Compute the covariance between the vectors x and y. As Statistics.cov, but ignoring NaNs.

If corrected is true as is the default, Bessel's correction will be applied, such that the sum is scaled by n-1 rather than n, where n = length(x).

source

NaNStatistics.nancovem — Method

nancovem(X::AbstractMatrix; dims::Int=1, corrected::Bool=true)

Compute the covariance-of-error-of-the-mean matrix X, along dimension dims, ignoring NaNs. That is, a matrix composed of the covariance of the error of the mean of the non-nan pairs of each column (dims=1) or row (dims=2) of the matrix X, where covariance of the error of the mean is to covariance as standard error of the mean is to standard deviation.

If corrected is true as is the default, Bessel's correction will be applied, such that the sum is scaled by n-1 rather than n, where n = length(x).

source

NaNStatistics.nancovem — Method

nancovem(x::AbstractVector, y::AbstractVector; corrected::Bool=true)

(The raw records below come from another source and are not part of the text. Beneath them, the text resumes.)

text \<open>The deviation \<open>v' - v' b\<close> has mean \<open>(v b - v a)/(b - a) - v' b\<close>, so after subtracting
  that mean the kernel may be replaced by \<open>K - K a\<close>, which is at most \<open>K b - K a\<close> on a cell
  away from the singularity.\<close>

lemma cell_error_bound_interior:
  assumes "b < x"
  shows "\<bar>cell_error al v v' x a b\<bar>
    \<le> 2 * (omega (1 - al) (x - b) - omega (1 - al) (x - a)) * Phi_gap cv sg a b"
proof -
  define K where "K s = omega (1 - al) (x - s)" for s
  define W where "W = (v b - v a) / (b - a) - v' b"
  define J where "J = Phi_gap cv sg a b"
  have const: "((\<lambda>s. c) has_integral c * (b - a)) {a..b}" for c
    using has_integral_const_real[of c a b] cell by (simp add: mult.commute)
  have "((\<lambda>s. K s * (v' s - v' b) - W * K s - K a * (v' s - v' b) + K a * W) has_integral
      integral {a..b} (\<lambda>s. K s * (v' s - v' b)) - W * (omega_primitive al (x - a) - omega_primitive al (x - b))
        - K a * (W * (b - a)) + K a * W * (b - a)) {a..b}"
    unfolding K_def W_def
    by (intro has_integral_add has_integral_diff has_integral_mult_right cell_kernel_has_integral
        integrable_integral cell_kernel_deviation_integrable cell_derivative_deviation_has_integral const)
  then have f: "((\<lambda>s. (K s - K a) * ((v' s - v' b) - W)) has_integral cell_error al v v' x a b) {a..b}"
    unfolding cell_error_eq K_def W_def by (simp add: algebra_simps)
  have G: "((\<lambda>s. (K b - K a) * ((Phi' cv sg b - Phi' cv sg s) + \<bar>W\<bar>)) has_integral
      (K b - K a) * (J + \<bar>W\<bar> * (b - a))) {a..b}"
    unfolding J_def using cell
    by (intro has_integral_mult_right has_integral_add Phi_gap_has_integral[OF sg(1,3)] const) auto
  have "\<bar>(K s - K a) * ((v' s - v' b) - W)\<bar> \<le> (K b - K a) * ((Phi' cv sg b - Phi' cv sg s) + \<bar>W\<bar>)"
    if s: "s \<in> {a<..<b}" for s
  proof -
    have K: "0 \<le> K s - K a" "K s - K a \<le> K b - K a"
      using cell_kernel_mono[of a s] cell_kernel_mono[of s b] s assms unfolding K_def by auto
    have "\<bar>(v' s - v' b) - W\<bar> \<le> (Phi' cv sg b - Phi' cv sg s) + \<bar>W\<bar>"
      using cell_derivative_deviation[OF s] by linarith
    then show ?thesis
      using K by (simp add: abs_mult mult_mono)
  qed
  then have "\<bar>cell_error al v v' x a b\<bar> \<le> (K b - K a) * (J + \<bar>W\<bar> * (b - a))"
    by (rule has_integral_abs_le_on_Ioo[OF f G])
  also have "\<dots> \<le> (K b - K a) * (2 * J)"
    using cell_slope_deviation cell_kernel_mono[of a b] cell assms
    by (intro mult_left_mono) (auto simp: J_def W_def K_def)
  finally show ?thesis
    by (simp add: K_def J_def algebra_simps)
qed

Compute the covariance of the error of the mean of the non-nan pairs of x and y, where covariance of the error of the mean is to covariance as standard error of the mean is to standard deviation.

If corrected is true as is the default, Bessel's correction will be applied, to the covariance, such that the sum is scaled by n-1 rather than n, where n = length(x).

source

NaNStatistics.nancumsum — Method

nancumsum(A; dims)

Calculate the sum of an indexable collection A, ignoring NaNs, optionally along dimensions specified by dims.

Examples

julia> using NaNStatistics

julia> A = [1 2; 3 4; NaN NaN]
3×2 Matrix{Float64}:
   1.0    2.0
   3.0    4.0
 NaN    NaN

julia> nancumsum(A, dims=1)
3×2 Matrix{Float64}:
 1.0  2.0
 4.0  6.0
 4.0  6.0

julia> nancumsum(vec(A))
6-element Vector{Float64}:
  1.0
  4.0
  4.0
  6.0
 10.0
 10.0

source

NaNStatistics.nanextrema — Method

nanextrema(A; dims)

Find the extrema (maximum & minimum) of an indexable collection A, ignoring NaNs, optionally along a dimension specified by dims.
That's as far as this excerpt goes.